Saudi Arabia: Kingdom will require foreign firms to set up shop

Saudi HQ: Kingdom will require foreign firms to set up shop
A group of 24 international firms including Deloitte, PricewaterhouseCoopers, Bechtel and PepsiCo announced they were moving their regional headquarters to the kingdom at an annual investment conference organised by Saudi Arabia’s sovereign wealth fund last month [File: Maya Anwar/Bloomberg]

Saudi Arabia has offered firms a package of incentives including tax breaks to urge them to set up shop in the kingdom under a plan dubbed ‘Project HQ’, which is also designed to shift the Gulf’s business hub away from Dubai.

Saudi Arabia said it will stop working with foreign firms that don’t base their Middle East headquarters in the kingdom, in its latest effort to shift the Gulf region’s business hub away from Dubai.

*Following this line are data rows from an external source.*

definition potential ::
  "(('l \<times> 'r) set \<Rightarrow> real) \<Rightarrow> ('l \<times> 'r) set \<Rightarrow> real \<Rightarrow>
   ('l \<times> 'r) set \<times> ('l \<times> 'r) set \<times> ('l \<times> 'r) set \<Rightarrow> real" where
  "potential f T a s = a * f (fst s) + f (fst s \<union> (T \<inter> candidates s))"

lemma sim2_step_eq:
  "sim2_step f tb p (M, N, W) =
    (if candidates (M, N, W) = {} then return_pmf (M, N, W)
     else let e = tb {e \<in> candidates (M, N, W).
                        \<forall>e'\<in>candidates (M, N, W). marginal f M e' \<le> marginal f M e}
       in map_pmf (\<lambda>b. if b then (insert e M, N, W - {e'\<in>W. fst e' = fst e})
                             else (M, insert e N, W - {e'\<in>W. fst e' = fst e}))
            (bernoulli_pmf p))"
  unfolding sim2_step_def candidates_def by (simp only: prod.case Let_def)

lemma sim2_step_stop:
  assumes "candidates (M, N, W) = {}"
  shows "sim2_step f tb p (M, N, W) = return_pmf (M, N, W)"
  using assms by (simp add: sim2_step_eq)

lemma sim2_step_active:
  assumes choice: "\<forall>S. S \<subseteq> E \<and> S \<noteq> {} \<longrightarrow> tb S \<in> S"
    and "W \<subseteq> E" "finite W" "candidates (M, N, W) \<noteq> {}"
  obtains e where "e \<in> candidates (M, N, W)"
    and "\<forall>u\<in>candidates (M, N, W). marginal f M u \<le> marginal f M e"
    and "sim2_step f tb p (M, N, W) =
      map_pmf (\<lambda>b. if b then (insert e M, N, W - {e'\<in>W. fst e' = fst e})
                        else (M, insert e N, W - {e'\<in>W. fst e' = fst e}))
        (bernoulli_pmf p)"
proof -
  define C where "C = candidates (M, N, W)"
  define S where "S = {e \<in> C. \<forall>e'\<in>C. marginal f M e' \<le> marginal f M e}"
  have "finite C" "C \<noteq> {}" using assms(3,4) unfolding C_def candidates_def by auto
  then have "Max (marginal f M ` C) \<in> marginal f M ` C" by simp
  then obtain x where "x \<in> C" "marginal f M x = Max (marginal f M ` C)" by auto
  then have "x \<in> S" unfolding S_def using \<open>finite C\<close> by simp
  moreover have "S \<subseteq> E" using assms(2) unfolding S_def C_def candidates_def by auto
  ultimately have "tb S \<in> S" using choice by blast
  show ?thesis
  proof (rule that[of "tb S"])
    show "tb S \<in> candidates (M, N, W)"
      and "\<forall>u\<in>candidates (M, N, W). marginal f M u \<le> marginal f M (tb S)"
      using \<open>tb S \<in> S\<close> unfolding S_def C_def by auto
    show "sim2_step f tb p (M, N, W) =
      map_pmf (\<lambda>b. if b then (insert (tb S) M, N, W - {e'\<in>W. fst e' = fst (tb S)})
                        else (M, insert (tb S) N, W - {e'\<in>W. fst e' = fst (tb S)}))
        (bernoulli_pmf p)"
      using assms(4) unfolding sim2_step_eq S_def C_def Let_def by (simp only: if_False)
  qed
qed

lemma finite_set_pmf_sim2_step: "finite (set_pmf (sim2_step f tb p s))"
  unfolding sim2_step_def Let_def by (auto split: prod.split)

lemma sim2_step_support:
  assumes choice: "\<forall>S. S \<subseteq> E \<and> S \<noteq> {} \<longrightarrow> tb S \<in> S"
    and "finite E" "M \<subseteq> E" "W \<subseteq> E"
    and "(M', N', W') \<in> set_pmf (sim2_step f tb p (M, N, W))"
  shows "M' \<subseteq> E \<and> W' \<subseteq> E \<and>
    (if candidates (M, N, W) = {} then (M', N', W') = (M, N, W) else card W' < card W)"
proof (cases "candidates (M, N, W) = {}")
  case True
  then show ?thesis using assms(3-5) by (simp add: sim2_step_stop)
next
  case False
  have "finite W" using assms(2,4) finite_subset by blast
  then obtain e where e: "e \<in> candidates (M, N, W)"
    and "\<forall>u\<in>candidates (M, N, W). marginal f M u \<le> marginal f M e"
    and step: "sim2_step f tb p (M, N, W) =
      map_pmf (\<lambda>b. if b then (insert e M, N, W - {e'\<in>W. fst e' = fst e})
                        else (M, insert e N, W - {e'\<in>W. fst e' = fst e}))
        (bernoulli_pmf p)"
    by (rule sim2_step_active[OF choice assms(4) _ False])
  have "e \<in> W" using e unfolding candidates_def by simp
  then have "card (W - {e'\<in>W. fst e' = fst e}) < card W"
    using \<open>finite W\<close> by (intro psubset_card_mono) auto
  then show ?thesis using False assms(3-5) \<open>e \<in> W\<close> unfolding step by auto
qed

lemma expectation_bind_pmf_mono:
  fixes F :: "'a \<Rightarrow> real"
  assumes "finite (set_pmf d)" "\<And>s. s \<in> set_pmf d \<Longrightarrow> finite (set_pmf (K s))"
    and "\<And>s. s \<in> set_pmf d \<Longrightarrow> F s \<le> measure_pmf.expectation (K s) F"
  shows "measure_pmf.expectation d F \<le> measure_pmf.expectation (bind_pmf d K) F"
proof -
  have "measure_pmf.expectation d F = (\<Sum>s\<in>set_pmf d. pmf d s *\<^sub>R F s)"
    by (rule integral_measure_pmf[OF assms(1)]) auto
  also have "\<dots> \<le> (\<Sum>s\<in>set_pmf d. pmf d s *\<^sub>R measure_pmf.expectation (K s) F)"
    using assms(3) by (intro sum_mono) (simp add: mult_left_mono)
  also have "\<dots> = measure_pmf.expectation (bind_pmf d K) F"
    by (rule pmf_expectation_bind[OF assms(1), symmetric]) (use assms(2) in auto)
  finally show ?thesis .
qed

definition sim2_iter ::
  "(('l \<times> 'r) set \<Rightarrow> real) \<Rightarrow> (('l \<times> 'r) set \<Rightarrow> 'l \<times> 'r) \<Rightarrow> real \<Rightarrow> nat \<Rightarrow>
   ('l \<times> 'r) set \<times> ('l \<times> 'r) set \<times> ('l \<times> 'r) set \<Rightarrow>
   (('l \<times> 'r) set \<times> ('l \<times> 'r) set \<times> ('l \<times> 'r) set) pmf" where
  "sim2_iter f tb p k s = ((\<lambda>d. bind_pmf d (sim2_step f tb p)) ^^ k) (return_pmf s)"

lemma sim2_iter_0 [simp]: "sim2_iter f tb p 0 s = return_pmf s"
  by (simp add: sim2_iter_def)

lemma sim2_iter_Suc [simp]:
  "sim2_iter f tb p (Suc k) s = bind_pmf (sim2_iter f tb p k s) (sim2_step f tb p)"
  by (simp add: sim2_iter_def)

lemma sim2_run_eq_iter: "sim2_run E f tb p = sim2_iter f tb p (card E) ({}, {}, E)"
  by (simp add: sim2_run_def sim2_iter_def)

lemma finite_set_pmf_sim2_iter: "finite (set_pmf (sim2_iter f tb p k s))"
  by (induction k) (simp_all add: finite_set_pmf_sim2_step)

From Jan. 1, 2024 the government as well as agencies, institutes and funds owned by the state will no longer contract any companies or commercial institutions unless they have a regional hub in Saudi Arabia, according to a statement on the Saudi Press Agency attributed to an official source. The move is intended to encourage foreign firms to hire more Saudi nationals and limit “economic leakage,” according to the SPA report.